Sparse Autoencoder (SAE) aim to achieve more explainability to the autoencoder architecture. An autoencoder process activates hidden layers that learn patterns in the data, but these layers might be learning non essential features in the data. A SAE is designed to learn a compressed but more selective representation of the input by forcing only a small number of neurons in the hidden layer to activate for any given sample.

In SAE, a L1 penalty (Spase Penalty) is applied so that unnecessary hidden layers are not activated and model learns most important underlying patterns rather than memorizing all input details.
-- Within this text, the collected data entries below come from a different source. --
(* Let $T_1,T_2,T_3$ be binary trees on $[n]$. For the JC model and for the K2P model: if there is a four-element set $Q\subseteq[n]$ such that $T_3|_Q\notin\{T_1|_Q,T_2|_Q\}$, then $V_{T_3}\not\subseteq V_{T_1}\ast V_{T_2}$.
   Context: Trees are unrooted binary trees with leaves labelled bijectively by $[n]$; $T|_Q$ is the induced subtree on leaf set $Q$; $\Sigma(T)$ is the set of splits of $T$. With $G=\mathbb{Z}_2\times\mathbb{Z}_2$ and $A=(0,0)$, $C=(0,1)$, $G=(1,0)$, $T=(1,1)$, the K3P model on $T$ in Fourier coordinates $q_{g_1\cdots g_n}$ is $q_{g_1\cdots g_n}=\prod_{A|B\in\Sigma(T)}a^{A|B}_{\sum_{i\in A}g_i}$ if $\sum g_i=0$ and $0$ otherwise; K2P imposes $a^e_G=a^e_T$, JC imposes $a^e_C=a^e_G=a^e_T$ for all splits $e$. $V_T\subseteq\mathbb{P}^{4^n-1}$ is the Zariski closure of the image for complex parameters; $V\ast W$ is the join (Zariski closure of the union of all lines meeting $V$ and $W$). *)

theory Defs
  imports Complex_Main
begin

text \<open>A tree is (V, E, lf): a finite vertex set V of naturals, a set E of
  2-element edges, and a leaf labelling lf mapping {1..n} bijectively onto
  the leaves (degree-1 vertices).\<close>

type_synonym tree = "nat set \<times> nat set set \<times> (nat \<Rightarrow> nat)"

definition adj :: "nat set set \<Rightarrow> (nat \<times> nat) set" where
  "adj E = {(u, v). {u, v} \<in> E}"

definition degree :: "nat set set \<Rightarrow> nat \<Rightarrow> nat" where
  "degree E v = card {e \<in> E. v \<in> e}"
lemma prod_maxfac_condW_le:
  assumes r: "\<And>s. 0 \<le> r s \<and> r s < 1" and B: "finite B" "x \<notin> B"
    and F: "finite F" "F \<subseteq> Fx x"
  shows "(\<Prod>Y\<in>F. maxfac r (condW W Y B) Y x)
    \<le> (\<Prod>X\<in>(\<lambda>(Y, C). Y \<union> C) ` ({Y\<in>F. Y \<inter> B = {}} \<times> Pow B). maxfac r (W X) X x)"
proof -
  define D where "D = {Y\<in>F. Y \<inter> B = {}}"
  have finite_Y: "finite Y" if "Y \<in> F" for Y
    using that F by (auto simp: Fx_def)
  have "(\<Prod>Y\<in>F. maxfac r (condW W Y B) Y x) = (\<Prod>Y\<in>D. maxfac r (condW W Y B) Y x)"
  proof (rule prod.mono_neutral_right[OF F(1)])
    show "\<forall>Y\<in>F - D. maxfac r (condW W Y B) Y x = 1"
    proof
      fix Y assume "Y \<in> F - D"
      then have "Y \<inter> B \<noteq> {}" "x \<in> Y" "finite Y"
        using F by (auto simp: D_def Fx_def)
      then show "maxfac r (condW W Y B) Y x = 1"
        using B(2) by (simp add: condW_eq_1 maxfac_1)
    qed
  qed (auto simp: D_def)
  also have "\<dots> \<le> (\<Prod>Y\<in>D. \<Prod>C\<in>Pow B. maxfac r (W (Y \<union> C)) (Y \<union> C) x)"
    using r B finite_Y
    by (intro prod_mono conjI maxfac_nonneg maxfac_condW_le) (auto simp: D_def)
  also have "\<dots> = (\<Prod>(Y, C)\<in>D \<times> Pow B. maxfac r (W (Y \<union> C)) (Y \<union> C) x)"
    by (rule prod.cartesian_product)
  also have "\<dots> = (\<Prod>X\<in>(\<lambda>(Y, C). Y \<union> C) ` (D \<times> Pow B). maxfac r (W X) X x)"
  proof -
    have "inj_on (\<lambda>(Y, C). Y \<union> C) (D \<times> Pow B)"
      by (rule inj_onI) (auto simp: D_def)
    then show ?thesis
      by (simp add: prod.reindex case_prod_unfold)
  qed
  finally show ?thesis by (simp add: D_def)
qed
lemma Qser_lipschitz:
  assumes g: "inCompl A g" "normA A g < A^2 / 2" and f: "inCompl A f" "normA A f < A^2 / 2"
  shows "normA A (\<lambda>w. Qser tau g w - Qser tau f w)
    \<le> rho A (\<lambda>w. f w - g w) * (1 / ((1 - rho A f) * (1 - rho A g)) - 1)"
proof -
  let ?D = "\<lambda>m w. Qterm tau g m w - Qterm tau f m w"
  have "(\<forall>w. summable (\<lambda>m. ?D m w)) \<and> inCompl A (\<lambda>w. \<Sum>m. ?D m w)
      \<and> normA A (\<lambda>w. \<Sum>m. ?D m w) \<le> rho A (\<lambda>w. f w - g w) * (1 / ((1 - rho A f) * (1 - rho A g)) - 1)"
  proof (rule normA_series_le[OF A0])
    show "inCompl A (?D m)" for m using Qterm_diff_bound[OF g(1) f(1)] by blast
    fix N
    have "(\<Sum>m<N. normA A (?D m))
        \<le> (\<Sum>m<N. rho A (\<lambda>w. f w - g w) * (\<Sum>j\<le>Suc m. rho A g ^ j * rho A f ^ (Suc m - j)))"
      by (intro sum_mono) (use Qterm_diff_bound[OF g(1) f(1)] rho_diff_commute in metis)
    also have "\<dots> \<le> rho A (\<lambda>w. f w - g w) * (1 / ((1 - rho A f) * (1 - rho A g)) - 1)"
      unfolding sum_distrib_left[symmetric]
      by (intro mult_left_mono cauchy_product_geometric_le rho_nonneg[OF less_imp_le[OF A0]])
         (use rho_less_1[OF A0 g(2)] rho_less_1[OF A0 f(2)] A0 in auto)
    finally show "(\<Sum>m<N. normA A (?D m))
        \<le> rho A (\<lambda>w. f w - g w) * (1 / ((1 - rho A f) * (1 - rho A g)) - 1)" .
  qed
  moreover have "Qser tau g w - Qser tau f w = (\<Sum>m. ?D m w)" for w
  proof -
    have "summable (\<lambda>m. Qterm tau g m w)" "summable (\<lambda>m. Qterm tau f m w)"
      using Qser_bound[OF g] Qser_bound[OF f] by blast+
    then show ?thesis by (simp add: Qser_Qterm suminf_diff)
  qed
  ultimately show ?thesis by simp
qed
In the context of anomaly detection, this is useful because normal transactions are expected to activate a consistent set of latent features and therefore reconstruct well, while fraudulent transactions are less likely to align with these sparse learned patterns and should produce higher reconstruction error.

Theoretical Hypothesis

In financial datasets, a fraudulent transaction may be anomalous across one or two dimensions (like time of day, amount etc.), while remaining features imitate normal behavior. By forcing the L1 penalty, the hypothesis is that by feature isolation, the network will be forced to rely on a minimal set of activations, and the model cannot use a generalized representation of data [6].

Architecture & Results

Layers: 34-8-4-4-8-34| Activation – ReLU | Loss – MSE, Epochs -50
Parameters – Total (662), Trainable (662)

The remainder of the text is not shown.